Files
axolotl/SETUP_MIAAI.md

179 lines
7.0 KiB
Markdown
Raw Blame History

This file contains ambiguous Unicode characters
This file contains Unicode characters that might be confused with other characters. If you think that this is intentional, you can safely ignore this warning. Use the Escape button to reveal them.
# Axolotl Setup — miaai (RTX 5080, CUDA 13.2)
## System Info
- GPU: NVIDIA RTX 5080 (16GB VRAM, sm_120 / Blackwell)
- Driver: 580.126.09 — max CUDA 13.0 shown by nvidia-smi, but nvcc from conda is 13.2
- OS: Ubuntu 25.10 (Python 3.13 system — do NOT use system Python for ML)
- Axolotl branch: `activeblue/main`
---
## One-time Setup
### 1. Install Miniconda
```bash
wget https://repo.anaconda.com/miniconda/Miniconda3-latest-Linux-x86_64.sh -O miniconda.sh
bash miniconda.sh -b -p /opt/miniconda3
/opt/miniconda3/bin/conda init bash
source ~/.bashrc
```
### 2. Create Python 3.11 environment
```bash
conda create -n axolotl python=3.11 -y
conda activate axolotl
```
### 3. Clone and sync repo with upstream
```bash
git clone https://git.activeblue.net/tocmo0nlord/axolotl.git
cd axolotl
git remote add upstream https://github.com/axolotl-ai-cloud/axolotl.git
git fetch upstream
git rebase upstream/main # keeps activeblue patches on top
git push origin activeblue/main --force-with-lease
```
### 4. Install CUDA toolkit (needed to compile flash-attn and bitsandbytes)
```bash
conda install -y -c "nvidia/label/cuda-12.8.0" cuda-toolkit
export CUDA_HOME=$CONDA_PREFIX
export PATH=$CUDA_HOME/bin:$PATH
```
> NOTE: Despite installing from the cuda-12.8.0 channel, conda resolves nvcc to **13.2.78**.
> This is fine — use cu132 everywhere to match.
### 5. Install PyTorch — use cu132 (matches nvcc from conda)
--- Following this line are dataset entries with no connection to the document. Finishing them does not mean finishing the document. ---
lemma prob_h_n2_gt_le:
  assumes "\<epsilon> > 0" "1 \<le> ln (real n)" "(ln (real n))^2 \<le> real n" "v \<in> {1..n}"
  shows "measure_pmf.prob (choices n) {ch. \<bar>h_n2 n ch v / sqrt (ln (real n))\<bar> > \<epsilon>}
    \<le> ln ((ln (real n))^2) / (\<epsilon> * sqrt (ln (real n)))"
proof -
  define L where "L = nat \<lfloor>(ln (real n))^2\<rfloor>"
  define s where "s = sqrt (ln (real n))"
  have "s > 0" using assms(2) by (simp add: s_def)
  then have "\<epsilon> * s > 0" using assms(1) by simp
  have "1 \<le> (ln (real n))^2" using assms(2) by (simp add: one_le_power)
  then have "1 \<le> L" "L \<le> n" "real L \<le> (ln (real n))^2"
    using assms(3) unfolding L_def by linarith+
  let ?A = "\<lambda>j. {ch. tree_attached n ch v j}"
  have "\<epsilon> * s \<le> real (card {j \<in> {2..L}. ch \<in> ?A j})"
    if "\<bar>h_n2 n ch v / s\<bar> > \<epsilon>" "ch \<in> set_pmf (choices n)" for ch
  proof -
    have "h_n2 n ch v = real (card {j \<in> {2..L}. ch \<in> ?A j})"
      using h_n2_eq_card[OF valid_choices_of_set_pmf[OF that(2)] L_def \<open>1 \<le> L\<close> \<open>L \<le> n\<close> assms(4)]
      by simp
    with that(1) \<open>s > 0\<close> show ?thesis by (simp add: pos_less_divide_eq mult.commute)
  qed
  then have "{ch. \<bar>h_n2 n ch v / s\<bar> > \<epsilon>} \<inter> set_pmf (choices n)
      \<subseteq> {ch. \<epsilon> * s \<le> real (card {j \<in> {2..L}. ch \<in> ?A j})}"
    by blast
  then have "measure_pmf.prob (choices n) {ch. \<bar>h_n2 n ch v / s\<bar> > \<epsilon>}
      \<le> measure_pmf.prob (choices n) {ch. \<epsilon> * s \<le> real (card {j \<in> {2..L}. ch \<in> ?A j})}"
    by (subst measure_Int_set_pmf[symmetric]) (rule measure_pmf.finite_measure_mono, simp_all)
  also have "\<dots> \<le> (\<Sum>j = 2..L. measure_pmf.prob (choices n) (?A j)) / (\<epsilon> * s)"
    using \<open>\<epsilon> * s > 0\<close> by (intro prob_card_events_ge) simp_all
  also have "\<dots> \<le> (\<Sum>j = 2..L. 1 / real j) / (\<epsilon> * s)"
    using \<open>\<epsilon> * s > 0\<close> \<open>L \<le> n\<close>
    by (intro divide_right_mono sum_mono prob_tree_attached_le) simp_all
  also have "\<dots> \<le> ln ((ln (real n))^2) / (\<epsilon> * s)"
  proof -
    have "ln (real L) \<le> ln ((ln (real n))^2)"
      using \<open>1 \<le> L\<close> \<open>real L \<le> _\<close> by (intro ln_mono) simp_all
    then show ?thesis
      using sum_inverse_le_ln[OF \<open>1 \<le> L\<close>] \<open>\<epsilon> * s > 0\<close> by (intro divide_right_mono) simp_all
  qed
  finally show ?thesis by (simp add: s_def)
qed

theorem lemma5p2:
  fixes i :: nat and \<epsilon> :: real
  assumes "1 \<le> i" and "\<epsilon> > 0"
  shows "(\<lambda>n. measure_pmf.prob (choices n)
            {ch. \<bar>h_n2 n ch i / sqrt (ln (real n))\<bar> > \<epsilon>}) \<longlonglongrightarrow> 0"
proof (rule tendsto_sandwich[OF _ _ tendsto_const])
  show "eventually (\<lambda>n. 0 \<le> measure_pmf.prob (choices n)
      {ch. \<bar>h_n2 n ch i / sqrt (ln (real n))\<bar> > \<epsilon>}) sequentially"
    by simp
  have "eventually (\<lambda>n. 1 \<le> ln (real n)) sequentially"
    "eventually (\<lambda>n. (ln (real n))^2 \<le> real n) sequentially"
    by real_asymp+
  moreover have "eventually (\<lambda>n. i \<le> n) sequentially" by (rule eventually_ge_at_top)
  ultimately show "eventually (\<lambda>n. measure_pmf.prob (choices n)
      {ch. \<bar>h_n2 n ch i / sqrt (ln (real n))\<bar> > \<epsilon>}
      \<le> ln ((ln (real n))^2) / (\<epsilon> * sqrt (ln (real n)))) sequentially"
    by eventually_elim (rule prob_h_n2_gt_le, use assms in auto)
  show "(\<lambda>n. ln ((ln (real n))^2) / (\<epsilon> * sqrt (ln (real n)))) \<longlonglongrightarrow> 0"
    using assms(2) by real_asymp
qed

end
> NOTE: torchaudio has no cu132 wheel — skip it, not needed for LLM training
```bash
pip install torch torchvision --index-url https://download.pytorch.org/whl/cu132
python -c "import torch; print('CUDA:', torch.version.cuda); print('GPU:', torch.cuda.get_device_name(0))"
```
### 6. Install Axolotl
```bash
pip install -e "."
```
> **flash-attn compiles CUDA kernels from source — takes 1525 min on 10 cores of i7-14700K.**
> Always set `MAX_JOBS` to the number of available CPU cores:
```bash
MAX_JOBS=10 pip install flash-attn --no-build-isolation
```
### 7. Compile bitsandbytes from source for sm_120 (RTX 5080 / Blackwell)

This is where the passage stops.